Objective : Testing the new model WAN2.1
The 26th of February ComfyUI released an update to support the Wan2.1 model.
Wan2.1 is a series of 4 video generation models, including:
Text-to-video 14B: Supports both 480P and 720P
Image-to-video 14B 720P: Supports 720P
Image-to-video 14B 480P: Supports 480P
Text-to-video 1.3B: Supports 480P
You can find all the files and workflow to download from the link : https://blog.comfy.org/p/wan21-video-model-native-support
Both models Image-to-video 14B are more than 32GB of space.
After downloading all the files an put on the right folders:
Choose one of the diffusion models → Place in
ComfyUI/models/diffusion_models
umt5_xxl_fp8_e4m3fn_scaled.safetensors → Place in
ComfyUI/models/text_encoders
clip_vision_h.safetensors → Place in
ComfyUI/models/clip_vision
wan_2.1_vae.safetensors → Place in
ComfyUI/models/vae
I tested the workflow on the site with an inage
With my 4080Nvidia took about 5 minute to generate a video of 2 seconds.
The quality is great and specially hands are working well now.
Faces are not perfect, at the end of the process I use a workflow to increase x2 the size and improve the face:
Here are couple of video posted in Civitai : https://civitai.com/posts/13600566
I decided to generate with some images from one folder a short on YouTube with this procedure:
I happy for the quality, but really takes too long with my 16GB of VRAM.
So searching for civitai I found this :
https://civitai.com/models/1301129/wan-video-fastest-native-gguf-workflow-i2vandt2v
I have to say really thanks to the author https://civitai.com/user/Flow2 , the workflow worked perfectly.
Size of the workflow was set to 368x656 with 49 frames. It took less than 2 minutes to generate a video.
Only Issue, it had some issues to generate an API workflow, when exporting sometimes was given an error.
So I decide to change it a little bit (attached you see my version: Wan_I2V_65frames_368x656_24fps.json )

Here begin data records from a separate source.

(* For each $n\in\mathbb{N}^2$, the map $L_n:\mathcal{O}_\theta\to\mathcal{O}_\theta$ defined by \[L_n(a)=\frac{1}{N^n}\sum_{\lambda\in\Lambda_\theta^n}s_\lambda^*as_\lambda\] is a transfer operator for $\alpha_n$ (that is, $L_n$ is positive and linear and $L_n(\alpha_n(a)b)=aL_n(b)$ for all $a,b\in\mathcal{O}_\theta$) such that $L_n(1)=1$, and $L_m\circ L_n=L_{m+n}$ for all $m,n\in\mathbb{N}^2$.
   Context: $E$ is a finite directed graph with one vertex whose edge set is partitioned into $N_1$ blue edges $E^1_B$ and $N_2$ red edges $E^1_R$; $\theta$ is a bijection from blue-red paths $ef$ ($e\in E^1_B$, $f\in E^1_R$) onto red-blue paths, written $\theta(ef)=\theta_1(ef)\theta_2(ef)$. $\Lambda_\theta$ is the unique $2$-graph (category with degree functor $d:\Lambda_\theta\to\mathbb{N}^2$ satisfying unique factorisation) with one vertex, $\Lambda_\theta^{(1,0)}=E^1_B$, $\Lambda_\theta^{(0,1)}=E^1_R$, and $ef=\theta_1(ef)\theta_2(ef)$; $\Lambda_\theta^n=d^{-1}(n)$, which has $N^n:=N_1^{n_1}N_2^{n_2}$ elements for $n=(n_1,n_2)$. $\mathcal{O}_\theta=C^*(\Lambda_\theta)$ is the universal $C^*$-algebra generated by isometries $\{s_\lambda:\lambda\in\Lambda_\theta\}$ with $s_{\lambda\mu}=s_\lambda s_\mu$ and $\sum_{\lambda\in\Lambda_\theta^n}s_\lambda s_\lambda^*=1$ for all $n$ (equivalently, by Cuntz families $\{s_e\}_{e\in E^1_B}$, $\{s_f\}_{f\in E^1_R}$ with $s_es_f=s_{\theta_1(ef)}s_{\theta_2(ef)}$). For $n\in\mathbb{N}^2$, $\alpha_n(a)=\sum_{\lambda\in\Lambda_\theta^n}s_\lambda as_\lambda^*$. *)

theory Defs
  imports "HOL-Analysis.Analysis" "HOL-Library.Product_Plus"
begin

class cstar_algebra = real_normed_algebra_1 + banach +
  fixes scaleC :: "complex \<Rightarrow> 'a \<Rightarrow> 'a"
    and adj :: "'a \<Rightarrow> 'a"
  assumes scaleC_of_real: "scaleC (complex_of_real r) x = scaleR r x"
    and scaleC_add_right: "scaleC c (x + y) = scaleC c x + scaleC c y"
    and scaleC_add_left: "scaleC (c + d) x = scaleC c x + scaleC d x"
    and scaleC_scaleC: "scaleC c (scaleC d x) = scaleC (c * d) x"
    and scaleC_one: "scaleC 1 x = x"
    and mult_scaleC_left: "scaleC c x * y = scaleC c (x * y)"
    and mult_scaleC_right: "x * scaleC c y = scaleC c (x * y)"
    and norm_scaleC: "norm (scaleC c x) = cmod c * norm x"
    and adj_adj: "adj (adj x) = x"
    and adj_add: "adj (x + y) = adj x + adj y"
    and adj_scaleC: "adj (scaleC c x) = scaleC (cnj c) (adj x)"
    and adj_mult: "adj (x * y) = adj y * adj x"
    and cstar_identity: "norm (adj x * x) = (norm x)\<^sup>2"
(* Let $S$ be a numerical semigroup with multiplicity $e$ and blowup $B$. If ${\rm adj}(S)=\operatorname{Ap}(B;e)$, then ${\rm d}_{\max}(S)=\max\{d(f;B^{\mathcal D}): f\in\operatorname{maxAp}(B;e)\}$.
   Context: $S$ is a numerical semigroup (a submonoid of $\mathbb N$ with finite complement) with minimal generators $e<a_1<\dots<a_t$. An $S$-factorization of $n$ is $(c_0,\dots,c_t)\in\mathbb N^{t+1}$ with $c_0e+\sum c_ia_i=n$, of length $\sum c_i$. ${\rm ord}(n;S)$ is the maximal such length, ${\rm d}_{\max}(n;S)$ is the number of factorizations of maximal length, and ${\rm d}_{\max}(S)=\max_{n\in S}{\rm d}_{\max}(n;S)$. ${\rm adj}(S)=\{s-{\rm ord}(s;S)e:s\in S\}$. The blowup is $B=\langle e,d_1,\dots,d_t\rangle$ with $d_i=a_i-e$, and $\mathcal D=(e,d_1,\dots,d_t)$. $d(b;B^{\mathcal D})$ is the number of tuples $(x_0,\dots,x_t)\in\mathbb N^{t+1}$ with $x_0e+\sum x_id_i=b$. $\operatorname{Ap}(B;e)=\{w\in B:w-e\notin B\}$, and $\operatorname{maxAp}(B;e)$ is the set of elements of $\operatorname{Ap}(B;e)\setminus\{0\}$ that are maximal with respect to the partial order $w\preceq w'$ iff $w'-w\in B$. *)

theory Defs
  imports Main
begin

definition numerical_semigroup :: "nat set \<Rightarrow> bool" where
  "numerical_semigroup S \<longleftrightarrow> 0 \<in> S \<and> (\<forall>x\<in>S. \<forall>y\<in>S. x + y \<in> S) \<and> finite (UNIV - S)"

definition mingens :: "nat set \<Rightarrow> nat set" where
  "mingens S = {a \<in> S. a \<noteq> 0 \<and> \<not> (\<exists>x\<in>S. \<exists>y\<in>S. x \<noteq> 0 \<and> y \<noteq> 0 \<and> a = x + y)}"
(* Let $g$ be a connected graph, let $\varphi$ be a set of pairwise non-crossing minimal separators of $g$, and let $S\in\varphi$ be a clique of $g$. Let $c_1,\dots,c_k$ be the connected components of $g\setminus S$ and let $\mathcal{C}(S)=\{g_{|V(c_i)\cup N_g(V(c_i))}: 1\le i\le k\}$. Then: (1) neither $S$ nor any subset of $S$ is a minimal separator of any graph in $\mathcal{C}(S)$; (2) for every $S'\in\varphi\setminus\{S\}$ there exists $c\in\mathcal{C}(S)$ with $S'\subseteq V(c)$.
   Context: Graphs are finite, simple and undirected. $g_{|U}$ is the subgraph induced by $U$, $g\setminus S=g_{|V(g)\setminus S}$, and $N_g(U)=\bigcup_{v\in U}N_g(v)\setminus U$. For nodes $u,v$, a set $S\subseteq V(g)$ is a $(u,v)$-separator if $u,v$ lie in distinct connected components of $g\setminus S$; it is a minimal $(u,v)$-separator if no proper subset is one; $S$ is a minimal separator if it is a minimal $(u,v)$-separator for some $u,v$. Two minimal separators $S,T$ cross if there are $u,v\in T$ such that $S$ is a $(u,v)$-separator. *)

theory Defs
  imports Main
begin

type_synonym 'a graph = "'a set \<times> 'a set set"

definition verts :: "'a graph \<Rightarrow> 'a set" where "verts g = fst g"
definition edges :: "'a graph \<Rightarrow> 'a set set" where "edges g = snd g"

definition wf_graph :: "'a graph \<Rightarrow> bool" where
  "wf_graph g \<longleftrightarrow> finite (verts g) \<and>
     (\<forall>e\<in>edges g. e \<subseteq> verts g \<and> card e = 2)"

definition adj :: "'a graph \<Rightarrow> 'a \<Rightarrow> 'a \<Rightarrow> bool" where
  "adj g u v \<longleftrightarrow> {u, v} \<in> edges g"

definition induced :: "'a graph \<Rightarrow> 'a set \<Rightarrow> 'a graph" where
  "induced g U = (verts g \<inter> U, {e \<in> edges g. e \<subseteq> U})"

definition remove :: "'a graph \<Rightarrow> 'a set \<Rightarrow> 'a graph" where
  "remove g S = induced g (verts g - S)"

definition nbh :: "'a graph \<Rightarrow> 'a set \<Rightarrow> 'a set" where
  "nbh g U = (\<Union>v\<in>U. {w \<in> verts g. adj g v w}) - U"

definition reach :: "'a graph \<Rightarrow> 'a \<Rightarrow> 'a \<Rightarrow> bool" where
  "reach g u v \<longleftrightarrow> u \<in> verts g \<and> v \<in> verts g \<and>
     (\<lambda>x y. x \<in> verts g \<and> y \<in> verts g \<and> adj g x y)\<^sup>*\<^sup>* u v"

definition connected_graph :: "'a graph \<Rightarrow> bool" where
  "connected_graph g \<longleftrightarrow> (\<forall>u\<in>verts g. \<forall>v\<in>verts g. reach g u v)"

definition components :: "'a graph \<Rightarrow> 'a set set" where
  "components g = {{v. reach g u v} | u. u \<in> verts g}"

definition is_clique :: "'a graph \<Rightarrow> 'a set \<Rightarrow> bool" where
  "is_clique g S \<longleftrightarrow> S \<subseteq> verts g \<and> (\<forall>u\<in>S. \<forall>v\<in>S. u \<noteq> v \<longrightarrow> adj g u v)"

definition separator :: "'a graph \<Rightarrow> 'a \<Rightarrow> 'a \<Rightarrow> 'a set \<Rightarrow> bool" where
  "separator g u v S \<longleftrightarrow> S \<subseteq> verts g \<and>
     u \<in> verts (remove g S) \<and> v \<in> verts (remove g S) \<and> \<not> reach (remove g S) u v"

definition min_separator_uv :: "'a graph \<Rightarrow> 'a \<Rightarrow> 'a \<Rightarrow> 'a set \<Rightarrow> bool" where
  "min_separator_uv g u v S \<longleftrightarrow> separator g u v S \<and> (\<forall>T. T \<subset> S \<longrightarrow> \<not> separator g u v T)"

definition min_separator :: "'a graph \<Rightarrow> 'a set \<Rightarrow> bool" where
  "min_separator g S \<longleftrightarrow> (\<exists>u v. min_separator_uv g u v S)"

definition crosses :: "'a graph \<Rightarrow> 'a set \<Rightarrow> 'a set \<Rightarrow> bool" where
  "crosses g S T \<longleftrightarrow> (\<exists>u\<in>T. \<exists>v\<in>T. separator g u v S)"

definition comp_graphs :: "'a graph \<Rightarrow> 'a set \<Rightarrow> 'a graph set" where
  "comp_graphs g S = {induced g (C \<union> nbh g C) | C. C \<in> components (remove g S)}"

end

theory Submission
  imports Defs
begin

text \<open>Let \<open>C\<close> be a component of \<open>g - S\<close>. Since \<open>C\<close> is connected and every vertex of
  \<open>N(C)\<close> has a neighbour in \<open>C\<close>, the graph induced on \<open>C\<close> plus any part of \<open>N(C)\<close> is
  connected; removing \<open>T \<subseteq> S\<close> from \<open>C \<union> N(C)\<close> leaves such a graph, so \<open>T\<close> separates
  nothing. For the second claim, every vertex of a minimal \<open>(a,b)\<close>-separator has a
  neighbour in the component of \<open>a\<close> and in that of \<open>b\<close>. If \<open>S' \<subseteq> S\<close>, this puts \<open>S'\<close>
  into \<open>N(C)\<close> for the component \<open>C\<close> of \<open>a\<close>. Otherwise pick \<open>c\<^sub>0 \<in> S' - S\<close>: as \<open>S\<close> does not
  cross \<open>S'\<close>, all of \<open>S' - S\<close> lies in the component \<open>C\<close> of \<open>c\<^sub>0\<close>; as \<open>S'\<close> does not cross
  \<open>S\<close>, one side \<open>D\<close> of \<open>S'\<close> misses \<open>S\<close>, and a vertex \<open>x \<in> S' \<inter> S\<close> is joined to \<open>c\<^sub>0\<close>
  through \<open>D\<close>, hence \<open>x \<in> N(C)\<close>.\<close>

abbreviation component_of :: "'a graph \<Rightarrow> 'a \<Rightarrow> 'a set" where
  "component_of g u \<equiv> {v. reach g u v}"

lemma verts_induced [simp]: "verts (induced g U) = verts g \<inter> U"
  by (simp add: induced_def verts_def)

lemma adj_induced [simp]: "adj (induced g U) x y \<longleftrightarrow> adj g x y \<and> x \<in> U \<and> y \<in> U"
  by (auto simp: adj_def edges_def induced_def)

lemma induced_induced: "induced (induced g U) W = induced g (U \<inter> W)"
  by (auto simp: induced_def verts_def edges_def)

lemma adj_sym: "adj g x y \<Longrightarrow> adj g y x"
  by (simp add: adj_def insert_commute)

lemma mem_nbh_iff: "x \<in> nbh g U \<longleftrightarrow> x \<in> verts g \<and> x \<notin> U \<and> (\<exists>v\<in>U. adj g v x)"
  by (auto simp: nbh_def)

lemma nbh_subset_verts: "nbh g U \<subseteq> verts g"
  by (auto simp: nbh_def)

lemma reach_refl: "v \<in> verts g \<Longrightarrow> reach g v v"
  by (simp add: reach_def)

lemma reach_in_verts: "reach g u v \<Longrightarrow> u \<in> verts g \<and> v \<in> verts g"
  by (simp add: reach_def)

lemma reach_step: "reach g u v \<Longrightarrow> adj g v w \<Longrightarrow> w \<in> verts g \<Longrightarrow> reach g u w"
  unfolding reach_def by (auto intro: rtranclp.rtrancl_into_rtrancl)

lemma reach_trans: "reach g u v \<Longrightarrow> reach g v w \<Longrightarrow> reach g u w"
  unfolding reach_def by auto

lemma reach_sym: "reach g u v \<Longrightarrow> reach g v u"
proof -
  let ?R = "\<lambda>x y. x \<in> verts g \<and> y \<in> verts g \<and> adj g x y"
  assume uv: "reach g u v"
  have "?R\<^sup>*\<^sup>* u v" using uv by (simp add: reach_def)
  then have "?R\<^sup>*\<^sup>* v u"
    by (induction rule: rtranclp_induct) (auto intro: converse_rtranclp_into_rtranclp adj_sym)
  then show ?thesis using uv by (simp add: reach_def)
qed

lemma reach_induct [consumes 1, case_names refl step]:
  assumes "reach g u v" "P u"
    and "\<And>y z. reach g u y \<Longrightarrow> P y \<Longrightarrow> adj g y z \<Longrightarrow> z \<in> verts g \<Longrightarrow> P z"
  shows "P v"
proof -
  let ?R = "\<lambda>x y. x \<in> verts g \<and> y \<in> verts g \<and> adj g x y"
  have "?R\<^sup>*\<^sup>* u v" using assms(1) by (simp add: reach_def)
  then show ?thesis
  proof (induction rule: rtranclp_induct)
    case base
    show ?case using assms(2) .
  next
    case (step y z)
    then have "reach g u y" using assms(1) by (simp add: reach_def)
    with step assms(3) show ?case by blast
  qed
qed

lemma reach_remove_iff:
  "reach (remove g S) u v \<longleftrightarrow> reach (induced g (verts g - S)) u v"
  by (simp add: remove_def)

lemma reach_remove_in_verts:
  "reach (remove g S) u v \<Longrightarrow> u \<in> verts g - S \<and> v \<in> verts g - S"
  using reach_in_verts[of "remove g S" u v] by (simp add: remove_def)
text \<open>The positive vectors of one diagonal basis span a space on which
  the form is positive definite, and it meets the span of the non-positive vectors of another
  diagonal basis only in 0.\<close>

lemma diag_basis_card_pos_le:
  fixes B :: "'v::euclidean_space \<Rightarrow> 'v \<Rightarrow> real"
  assumes bil: "bilinear B" and b: "diag_basis B W b" and b': "diag_basis B W b'"
  shows "card {x\<in>b. B x x > 0} \<le> card {x\<in>b'. B x x > 0}"
proof -
  define P where "P = {x\<in>b. B x x > 0}"
  define N where "N = {x\<in>b'. \<not> B x x > 0}"
  have ind: "independent b" "independent b'" and W: "W = span b" "W = span b'"
    using b b' unfolding diag_basis_def by auto
  have fin: "finite P" "finite N"
    using finiteI_independent[OF ind(1)] finiteI_independent[OF ind(2)] unfolding P_def N_def by auto
  have diag: "\<forall>v\<in>P. \<forall>w\<in>P. v \<noteq> w \<longrightarrow> B v w = 0" "\<forall>v\<in>N. \<forall>w\<in>N. v \<noteq> w \<longrightarrow> B v w = 0"
    using b b' unfolding diag_basis_def P_def N_def by auto
  have trivial_meet: "span P \<inter> span N = {0}"
  proof (intro equalityI subsetI)
    fix y assume y: "y \<in> span P \<inter> span N"
    have "B y y \<le> 0"
      using y by (intro diagonal_form_nonpos_on_span[OF bil fin(2) diag(2)]) (auto simp: N_def)
    moreover have "y \<noteq> 0 \<Longrightarrow> B y y > 0"
      using y by (intro diagonal_form_pos_on_span[OF bil fin(1) diag(1)]) (auto simp: P_def)
    ultimately show "y \<in> {0}" by force
  qed (simp add: span_zero)
  have "dim (span P) = card P"
    by (rule dim_span_eq_card_independent, rule independent_mono[OF ind(1)]) (simp add: P_def)
  moreover have "dim (span N) = card N"
    by (rule dim_span_eq_card_independent, rule independent_mono[OF ind(2)]) (simp add: N_def)
  ultimately have dims: "dim (span P) = card P" "dim (span N) = card N" .
  have sum_in_W: "{x + y |x y. x \<in> span P \<and> y \<in> span N} \<subseteq> W"
  proof -
    have "span P \<subseteq> span b" "span N \<subseteq> span b'"
      by (auto intro!: span_mono simp: P_def N_def)
    then have "span P \<subseteq> W" "span N \<subseteq> W"
      using W by simp_all
    then show ?thesis
      using subspace_span[of b] W by (auto intro: subspace_add)
  qed
  have "dim {x + y |x y. x \<in> span P \<and> y \<in> span N} + dim (span P \<inter> span N)
      = dim (span P) + dim (span N)"
    by (rule dim_sums_Int) auto
  then have "card P + card N = dim {x + y |x y. x \<in> span P \<and> y \<in> span N}"
    unfolding trivial_meet dims by (simp add: dim_insert)
  also have "\<dots> \<le> dim W"
    by (rule dim_subset[OF sum_in_W])
  also have "dim W = card b'"
    unfolding W(2) by (rule dim_span_eq_card_independent[OF ind(2)])
  also have "card b' = card {x\<in>b'. B x x > 0} + card N"
  proof -
    have "b' = {x\<in>b'. B x x > 0} \<union> N" "{x\<in>b'. B x x > 0} \<inter> N = {}"
      unfolding N_def by auto
    then show ?thesis
      using finiteI_independent[OF ind(2)] by (metis card_Un_disjoint finite_Un)
  qed
  finally show ?thesis
    unfolding P_def by simp
qed
(* Let $a,b,c>0$ and let $d,e$ be real numbers, not in $\{0,-1,-2,\dots\}$, such that $de\ge 3abc$ and $$d+e\ \ge\ \max\Big\{a+b+c,\ \alpha(a,b,c),\ 3(ab+bc+ac)-7abc\Big\},\qquad \alpha(a,b,c)=\tfrac13\big(2(ab+bc+ac)+3(a+b+c)-6abc-1\big).$$ Then $f(z)=z\,{}_3F_2(a,b,c;d,e;z^2)$ is close-to-convex in $\mathbb{D}$ with respect to $\frac12\log\big((1+z)/(1-z)\big)$.
   Context: $\mathbb{D}=\{z\in\mathbb{C}:|z|<1\}$. For $x\in\mathbb{C}$, $(x)_0=1$ and $(x)_n=x(x+1)\cdots(x+n-1)$ for $n\ge1$. The Clausen hypergeometric function is ${}_3F_2(a,b,c;d,e;z)=\sum_{n=0}^\infty \frac{(a)_n(b)_n(c)_n}{(d)_n(e)_n(1)_n}z^n$ for $|z|<1$ (with $d,e\notin\{0,-1,-2,\dots\}$). A normalized analytic function $f$ on $\mathbb{D}$ ($f(0)=0$, $f'(0)=1$) is close-to-convex with respect to a convex univalent function $g$ on $\mathbb{D}$ if $f$ is univalent on $\mathbb{D}$ and $\operatorname{Re}\big(f'(z)/g'(z)\big)>0$ for all $z\in\mathbb{D}$. Here $g(z)=\frac12\log\frac{1+z}{1-z}$, which is convex univalent on $\mathbb{D}$, with $g'(z)=1/(1-z^2)$. *)

theory Defs
  imports "HOL-Analysis.Analysis"
begin

text \<open>Clausen hypergeometric function 3F2(a,b,c;d,e;z) as its power series (meant for |z|<1).\<close>
definition hyp3F2 :: "real \<Rightarrow> real \<Rightarrow> real \<Rightarrow> real \<Rightarrow> real \<Rightarrow> complex \<Rightarrow> complex" where
  "hyp3F2 a b c d e z =
     (\<Sum>n. complex_of_real ((pochhammer a n * pochhammer b n * pochhammer c n) /
            (pochhammer d n * pochhammer e n * pochhammer 1 n)) * z ^ n)"

definition close_to_convex_wrt :: "(complex \<Rightarrow> complex) \<Rightarrow> (complex \<Rightarrow> complex) \<Rightarrow> bool" where
  "close_to_convex_wrt f g \<longleftrightarrow>
     f holomorphic_on ball 0 1 \<and> f 0 = 0 \<and> deriv f 0 = 1 \<and>
     inj_on f (ball 0 1) \<and>
     (\<forall>z\<in>ball 0 1. Re (deriv f z / deriv g z) > 0)"

definition alpha3 :: "real \<Rightarrow> real \<Rightarrow> real \<Rightarrow> real" where
  "alpha3 a b c = (2 * (a*b + b*c + a*c) + 3 * (a + b + c) - 6 * a*b*c - 1) / 3"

My idea was to create a workflow with some special words that I can replace and call the API.
I have a "personal tool" (I will release in the futuro in my itch profile https://misterm.itch.io/ but for now it is still work in progress)
I hate the Standard "Load Image" because you need to add you image to the input folder
Instead I use "Load Images from String" where you can write the filename with all the path.
In my case I wrote "#FILENAME#" to replace the value of it.
At the end of the workflow I added a RIFE VFI to increase by 2 the number of frames and I use the Video Combine to save it with 24fps in an #OUTPUTPATH# (I will replace it also with an api)
I have exported my workflow in API format
To avoid generating always the same seed, I change the value of the seed to #SEED# , normally my software will
You can run manually the images one by one, but my simple tool will process a folder with the api from a list, then I add some POSITIVE and NEGATIVE prompt . The I run to process all my files.
Technically it works quite fast, it takes an average of 180s (3 minutes) to generate a video of 5 seconds. Resolution 368x656 with 24fps.
The out is ok but still is not perfect, specially the faces.
When I finish my process, I check the video and remove the ugly ones.
The I do a second run with all the output with a workflow to upscale and change the face :
check out this article about : https://civitai.com/articles/8291/comfyui-face-swap-using-reactor
Here is an example: upcaled by 2 with face change to keep the same Model in all the videos.
Check out my toons channel for examples using this upscale tecnique (in this video below I used LTX instead of WAN 2). LTX is great but has some issues with hands and often writes annoying text and watermark on the screen.
Conclusion:
I am really happy with the results of WAN2.1 using the GUFF checkpoint, the quality of hands and details is much better that LTX. LTX is much faster and make longer videos but you have to check them all, often more than 30% of videos produced are bad and other videos you have to split some parts.